Ora, este rei tinha um rouxinol
que cantava as melodias mais doces que se possa imaginar. Ele considerava o
rouxinol seu maior tesouro, e literalmente achava que a vida sem ele seria
insuportável. Portanto ele chamou o camponês ao palácio e presenteou-o com o
pássaro.
“Isto,” disse o rei, é pela sua
lealdade e devoção. “Obrigado, Majestade,” disse o campônio, e levou o presente
real à sua humilde morada.
Dias depois, o rei estava
passando pela aldeia do camponês e ordenou ao cocheiro que parasse à porta da
casa dele.
“E então, está apreciando o meu
presente?” inquiriu ao seu amado súdito.
“Para dizer a verdade,
Majestade, a carne da ave estava um pouco dura – quase intragável, se me
permite. Porém eu a cozinhei com batatas, e isso deu ao cozido um sabor
melhorzinho.”
Um Sábio Chora
A história de Yossef
revelando-se aos irmãos após décadas de triste separação é uma das mais
dramáticas de toda a Torá. Vinte e dois anos antes, quando Yossef tinha
dezessete anos, seus irmãos o raptaram, atiraram-no num poço e o venderam como
escravo a mercadores egípcios. No Egito ele passou doze anos na prisão, de onde
se ergueu para tornar-se vice-rei do país. Agora, mais de duas décadas depois,
o momento finalmente foi propício para a reconciliação.
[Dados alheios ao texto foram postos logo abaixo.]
(* Fix $\lambda>0$. For real $d\ge1$ let $\tilde x(d)$ be the unique positive solution of $d\,x=1+\lambda/(1+x)^d$ and $\nu(d)=\frac{d\tilde x(d)-1}{1+\tilde x(d)}$. Then the function $H(x)=\log\big(e^x\nu(e^x)\big)$ is concave on $[0,\infty)$.
   Context: Equivalently $\nu(d)=\sup_{x\ge0}\frac{dx}{1+x}\cdot\frac{f(x)}{1+f(x)}$ with $f(x)=\lambda/(1+x)^d$. *)

theory Defs
  imports "HOL-Analysis.Analysis"
begin

definition xtilde :: "real \<Rightarrow> real \<Rightarrow> real" where
  "xtilde lam d = (THE x. x > 0 \<and> d * x = 1 + lam / (1 + x) powr d)"

definition nu :: "real \<Rightarrow> real \<Rightarrow> real" where
  "nu lam d = (d * xtilde lam d - 1) / (1 + xtilde lam d)"

definition Hfun :: "real \<Rightarrow> real \<Rightarrow> real" where
  "Hfun lam x = ln (exp x * nu lam (exp x))"

end

theory Submission
  imports Defs
begin

text \<open>
  Substituting \<open>d = exp t\<close> and \<open>u = ln (ln (1 + x))\<close> turns the defining equation of
  \<open>xtilde \<lambda> d\<close> into the critical-point equation of \<open>Hlift \<lambda> t\<close>, whose maximum value is
  \<open>Hfun \<lambda> t\<close>. Since \<open>u \<mapsto> ln (exp (exp u) - 1) - exp u = ln (1 - exp (- exp u))\<close> is
  concave and \<open>s \<mapsto> ln (\<lambda> + exp (exp s))\<close> is convex, \<open>Hlift \<lambda>\<close> is jointly concave in
  \<open>(t, u)\<close>, and maximising a jointly concave function over one variable leaves a concave
  function of the other. So \<open>Hfun \<lambda>\<close> is in fact concave on the whole real line.
\<close>

lemma convex_on_compose_affine:
  fixes g :: "'a::real_vector \<Rightarrow> 'b::real_vector"
  assumes "linear g" "convex_on UNIV f"
  shows "convex_on UNIV (\<lambda>x. f (g x + c))"
proof -
  have "g (u *\<^sub>R x + v *\<^sub>R y) + c = u *\<^sub>R (g x + c) + v *\<^sub>R (g y + c)"
    if "u + v = 1" for u v :: real and x y
    using that by (simp add: linear_add[OF assms(1)] linear_scale[OF assms(1)] algebra_simps
        flip: scaleR_add_left)
  with assms(2) show ?thesis by (simp add: convex_on_def)
qed

lemma concave_on_compose_affine:
  fixes g :: "'a::real_vector \<Rightarrow> 'b::real_vector"
  assumes "linear g" "concave_on UNIV f"
  shows "concave_on UNIV (\<lambda>x. f (g x + c))"
  using assms convex_on_compose_affine[of g "\<lambda>y. - f y"] by (simp add: concave_on_def)

lemma concave_on_partial_max:
  fixes G :: "'a::real_vector \<Rightarrow> 'b::real_vector \<Rightarrow> real"
  assumes concave: "concave_on UNIV (\<lambda>(t, u). G t u)"
    and upper: "\<And>t u. G t u \<le> H t"
    and attained: "\<And>t. \<exists>u. G t u = H t"
  shows "concave_on UNIV H"
  unfolding concave_on_iff
proof (intro conjI ballI allI impI)
  fix t1 t2 :: 'a and a b :: real
  assume ab: "a \<ge> 0" "b \<ge> 0" "a + b = 1"
  obtain u1 u2 where u: "G t1 u1 = H t1" "G t2 u2 = H t2"
    using attained by metis
  have "a * H t1 + b * H t2 \<le> G (a *\<^sub>R t1 + b *\<^sub>R t2) (a *\<^sub>R u1 + b *\<^sub>R u2)"
    using concave ab unfolding concave_on_iff u[symmetric]
    by (auto dest!: bspec[of _ _ "(t1, u1)"] bspec[of _ _ "(t2, u2)"])
  also have "\<dots> \<le> H (a *\<^sub>R t1 + b *\<^sub>R t2)"
    by (rule upper)
  finally show "a * H t1 + b * H t2 \<le> H (a *\<^sub>R t1 + b *\<^sub>R t2)" .
qed simp

lemma divide_exp_minus_one_antimono:
  fixes w1 w2 :: real
  assumes "0 < w1" "w1 \<le> w2"
  shows "w2 / (exp w2 - 1) \<le> w1 / (exp w1 - 1)"
proof -
  have w2: "w2 > 0" using assms by simp
  have "exp ((1 - w1/w2) *\<^sub>R 0 + (w1/w2) *\<^sub>R w2) \<le> (1 - w1/w2) * exp 0 + (w1/w2) * exp w2"
    by (rule convex_onD[OF exp_convex]) (use assms w2 in auto)
  then have "w2 * exp w1 \<le> w2 * ((1 - w1/w2) + (w1/w2) * exp w2)"
    using w2 by simp
  also have "\<dots> = w2 - w1 + w1 * exp w2"
    using w2 by (simp add: field_simps)
  finally have "w2 * exp w1 \<le> w2 - w1 + w1 * exp w2" .
  moreover have "exp w1 - 1 > 0" "exp w2 - 1 > 0"
    using assms w2 by auto
  ultimately show ?thesis by (simp add: divide_simps algebra_simps)
qed

lemma DERIV_ln_exp_exp_minus_one:
  "((\<lambda>u. ln (exp (exp u) - 1) - exp u) has_real_derivative exp u / (exp (exp u) - 1)) (at u)"
proof -
  have pos: "exp (exp u) - 1 > 0" by simp
  then have "((\<lambda>u. ln (exp (exp u) - 1) - exp u) has_real_derivative
      exp (exp u) * exp u / (exp (exp u) - 1) - exp u) (at u)"
    by (auto intro!: derivative_eq_intros)
  also have "exp (exp u) * exp u / (exp (exp u) - 1) - exp u = exp u / (exp (exp u) - 1)"
    using pos by (simp add: field_simps)
  finally show ?thesis .
qed

lemma concave_on_ln_exp_exp_minus_one:
  "concave_on UNIV (\<lambda>u. ln (exp (exp u) - 1) - exp u)"
  unfolding concave_on_def
  by (rule convex_on_realI[where f' = "\<lambda>u. - (exp u / (exp (exp u) - 1))"])
     (use DERIV_minus[OF DERIV_ln_exp_exp_minus_one] in
      \<open>auto intro!: divide_exp_minus_one_antimono\<close>)

lemma DERIV_ln_add_exp_exp:
  assumes "lam \<ge> 0"
  shows "((\<lambda>s. ln (lam + exp (exp s))) has_real_derivative
           exp s * (exp (exp s) / (lam + exp (exp s)))) (at s)"
proof -
  have "lam + exp (exp s) > 0" using assms by (simp add: add_nonneg_pos)
  then show ?thesis by (auto intro!: derivative_eq_intros simp: field_simps)
qed

lemma convex_on_ln_add_exp_exp:
  assumes "lam \<ge> 0"
  shows "convex_on UNIV (\<lambda>s. ln (lam + exp (exp s)))"
proof (rule convex_on_realI[OF _ DERIV_ln_add_exp_exp[OF assms]])
  fix s t :: real
  assume "s \<le> t"
  then have "exp (exp s) \<le> exp (exp t)" "exp s \<le> exp t" by simp_all
  moreover from this assms
  have "exp (exp s) / (lam + exp (exp s)) \<le> exp (exp t) / (lam + exp (exp t))"
    by (simp add: divide_simps add_nonneg_pos) (simp add: algebra_simps mult_left_mono)
  ultimately show "exp s * (exp (exp s) / (lam + exp (exp s)))
                   \<le> exp t * (exp (exp t) / (lam + exp (exp t)))"
    using assms by (intro mult_mono) (auto simp: add_nonneg_pos)
qed simp

lemma xtilde_pos_eq:
  assumes lam: "lam \<ge> 0" and d: "d > 0"
  shows "xtilde lam d > 0 \<and> d * xtilde lam d = 1 + lam / (1 + xtilde lam d) powr d"
proof -
  define p where "p x = d * x - 1 - lam / (1 + x) powr d" for x
  have p_strict_mono: "p y < p z" if "0 \<le> y" "y < z" for y z
  proof -
    have "(1 + y) powr d \<le> (1 + z) powr d"
      using that d by (intro powr_mono2) auto
    then have "lam / (1 + z) powr d \<le> lam / (1 + y) powr d"
      using lam that by (intro divide_left_mono) auto
    moreover have "d * y < d * z" using that d by simp
    ultimately show ?thesis by (simp add: p_def)
  qed
  define X where "X = (2 + lam) / d"
  have X: "X > 0" using lam d by (simp add: X_def)
  have p0: "p 0 < 0" using lam by (simp add: p_def)
  have "(1 + X) powr d \<ge> 1" using X d by (simp add: ge_one_powr_ge_zero)
  then have "lam / (1 + X) powr d \<le> lam"
    using lam mult_left_mono[of 1 "(1 + X) powr d" lam] by (simp add: divide_simps)
  then have pX: "p X \<ge> 0" using d by (simp add: p_def X_def)
  have "continuous_on {0..X} p"
    unfolding p_def by (auto intro!: continuous_intros)
  then obtain x where x: "0 \<le> x" "p x = 0"
    using IVT'[of p 0 0 X] p0 pX X by auto
  with p0 have "x > 0" by (cases "x = 0") auto
  moreover have "d * x = 1 + lam / (1 + x) powr d"
    using x(2) by (simp add: p_def)
  moreover have "y = x" if "y > 0" "d * y = 1 + lam / (1 + y) powr d" for y
  proof -
    have "p y = 0" using that(2) by (simp add: p_def)
    with x that(1) show ?thesis
      using p_strict_mono[of x y] p_strict_mono[of y x] by fastforce
  qed
  ultimately have "\<exists>!x. x > 0 \<and> d * x = 1 + lam / (1 + x) powr d"
    by blast
  then show ?thesis
    unfolding xtilde_def by (rule theI')
qed

definition Hlift :: "real \<Rightarrow> real \<Rightarrow> real \<Rightarrow> real" where
  "Hlift lam t u =
     2 * t + ln lam + (ln (exp (exp u) - 1) - exp u) - ln (lam + exp (exp (t + u)))"

lemma concave_on_Hlift:
  assumes "lam \<ge> 0"
  shows "concave_on UNIV (\<lambda>(t, u). Hlift lam t u)"
proof -
  have "concave_on UNIV (\<lambda>p::real \<times> real. 2 * fst p + ln lam)"
    using concave_on_compose_affine[of "\<lambda>p. 2 * fst p" "\<lambda>x. x" "ln lam"]
    by (simp add: linear_iff concave_on_ident)
  moreover have "concave_on UNIV (\<lambda>p::real \<times> real. ln (exp (exp (snd p)) - 1) - exp (snd p))"
    using concave_on_compose_affine[OF _ concave_on_ln_exp_exp_minus_one, of snd 0]
    by (simp add: linear_iff)
  moreover have "convex_on UNIV (\<lambda>p::real \<times> real. ln (lam + exp (exp (fst p + snd p))))"
    using convex_on_compose_affine[OF _ convex_on_ln_add_exp_exp[OF assms],
        of "\<lambda>p. fst p + snd p" 0]
    by (simp add: linear_iff distrib_left)
  ultimately show ?thesis
    unfolding Hlift_def case_prod_beta' by (rule concave_on_diff[OF concave_on_add])
qed

lemma DERIV_Hlift:
  assumes "lam \<ge> 0"
  shows "(Hlift lam t has_real_derivative
           exp u / (exp (exp u) - 1)
           - exp (t + u) * (exp (exp (t + u)) / (lam + exp (exp (t + u))))) (at u)"
proof -
  have "((\<lambda>u. ln (lam + exp (exp (t + u)))) has_real_derivative
          exp (t + u) * (exp (exp (t + u)) / (lam + exp (exp (t + u)))) * 1) (at u)"
    by (rule DERIV_chain2[OF DERIV_ln_add_exp_exp[OF assms]]) (auto intro!: derivative_eq_intros)
  with DERIV_ln_exp_exp_minus_one
  have "((\<lambda>u. (2 * t + ln lam) + (ln (exp (exp u) - 1) - exp u)
      - ln (lam + exp (exp (t + u)))) has_real_derivative
        0 + exp u / (exp (exp u) - 1)
        - exp (t + u) * (exp (exp (t + u)) / (lam + exp (exp (t + u)))) * 1) (at u)"
    by (intro DERIV_diff DERIV_add DERIV_const)
  then show ?thesis
    unfolding Hlift_def[abs_def] by simp
qed

lemma Hlift_critical_point:
  assumes lam: "lam > 0"
  obtains u where "Hlift lam t u = Hfun lam t" "(Hlift lam t has_real_derivative 0) (at u)"
proof
  define d where "d = exp t"
  define x where "x = xtilde lam d"
  have d: "d > 0" by (simp add: d_def)
  from xtilde_pos_eq[OF _ d] lam have x: "x > 0" and eq: "d * x = 1 + lam / (1 + x) powr d"
    by (auto simp: x_def)
  define L where "L = ln (1 + x)"
  define P where "P = (1 + x) powr d"
  have L: "L > 0" using x by (simp add: L_def)
  have P: "P > 0" "ln P = d * L" using x by (simp_all add: P_def L_def ln_powr)
  define u where "u = ln L"
  have exp_u: "exp u = L" "exp (exp u) = 1 + x"
    using L x by (simp_all add: u_def L_def)
  have exp_tu: "exp (t + u) = d * L" "exp (d * L) = P"
    using x by (simp_all add: exp_add exp_u d_def L_def P_def powr_def mult.commute)
  have eq': "d * x - 1 = lam / P" using eq by (simp add: P_def)
  then have lam_P: "lam + P = P * d * x" using P by (simp add: field_simps)
  have "Hfun lam t = ln (exp t * ((d * x - 1) / (1 + x)))"
    by (simp add: Hfun_def nu_def d_def x_def)
  also have "\<dots> = t + ln lam - d * L - L"
    unfolding eq' using lam P x by (simp add: ln_mult ln_div L_def)
  also have "\<dots> = Hlift lam t u"
    unfolding Hlift_def exp_u exp_tu lam_P using P d x
    by (simp add: ln_mult L_def d_def)
  finally show "Hlift lam t u = Hfun lam t" ..
  have "exp (t + u) * (exp (exp (t + u)) / (lam + exp (exp (t + u)))) = L / x"
    unfolding exp_tu lam_P using P d x by (simp add: field_simps)
  then show "(Hlift lam t has_real_derivative 0) (at u)"
    using DERIV_Hlift[of lam t u] lam x by (simp add: exp_u L_def)
qed

lemma Hlift_le_Hfun:
  assumes lam: "lam > 0"
  shows "Hlift lam t u \<le> Hfun lam t"
proof -
  obtain u0 where u0: "Hlift lam t u0 = Hfun lam t" "(Hlift lam t has_real_derivative 0) (at u0)"
    using Hlift_critical_point[OF lam] .
  have "concave_on UNIV (\<lambda>u. Hlift lam t u)"
    using concave_on_compose_affine[OF _ concave_on_Hlift,
        where g = "\<lambda>u. (0, u)" and c = "(t, 0)"] lam
    by (simp add: linear_iff)
  then have convex: "convex_on UNIV (\<lambda>u. - Hlift lam t u)"
    by (simp add: concave_on_def)
  have "((\<lambda>u. - Hlift lam t u) has_real_derivative 0) (at u0)"
    using DERIV_minus[OF u0(2)] by simp
  from convex_on_imp_above_tangent[OF convex _ _ _ this]
  have "0 * (u - u0) \<le> - Hlift lam t u - - Hlift lam t u0"
    by simp
  with u0(1) show ?thesis by simp
qed

lemma concave_on_Hfun:
  assumes "lam > 0"
  shows "concave_on UNIV (Hfun lam)"
  using assms
  by (intro concave_on_partial_max[OF concave_on_Hlift[of lam]] Hlift_le_Hfun)
     (auto elim: Hlift_critical_point)

theorem lemma5p2:
  fixes lam :: real
  assumes "lam > 0"
  shows "concave_on {0..} (Hfun lam)"
  using concave_on_Hfun[OF assms] by (simp add: concave_on_def convex_on_subset)

end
“Yossef não conseguia dominar
suas emoções,” relata a Torá na porção da Torá 1. Ele mandou que todos os seus
ajudantes egípcios saíssem da sala. E começou a chorar com soluços tão altos
que os egípcios podiam ouvi-lo do lado de fora. E Yossef disse aos irmãos: “Eu
sou Yossef! Meu pai ainda vive?” Os irmãos ficaram tão estupefatos que não
conseguiram responder 2
O Talmud relata que3 sempre que
o grande Sábio Rabi Elazar chegava a este versículo, “Seus irmãos ficaram tão
estupefatos que não puderam responder,” ele começava a chorar. Rabi Elazar
dizia: “Se a admoestação de um homem de carne e osso (Yossef) é tão poderosa
que causa tanta consternação, a reprimenda de D’us (quando vier) causará ainda
mais vergonha.”Porém, parecem estar faltando dois pontos na declaração de Rabi
Elazar. Primeiro, o versículo não declara meramente que “Yossef disse aos
irmãos: ‘Eu sou Yossef! Meu pai ainda vive?’” Isso para mim não soa como
admoestação…
Em segundo lugar, a comparação
entre a reprimenda de Yossef aos irmãos e a de D’us à humanidade parece ser
exagerada. Os irmãos pessoalmente venderam Yossef à escravidão, sujeitando-o ao
pior tipo de abuso. Portanto, eles ficaram em profundo choque quando o
enfrentaram. Nenhum de nós jamais fez uma afronta semelhante a D’us, para
sentir tanto medo face à reprimenda Divina4.
O sonhador inocentePara
entender isto, devemos relembrar a idéia declarada muitas vezes de que todos os
personagens citados na Torá não são apenas pessoas físicas que viveram num
determinado período de tempo. Eles também incorporaram forças psicológicas e
espirituais específicas, existindo continuamente dentro do coração humano.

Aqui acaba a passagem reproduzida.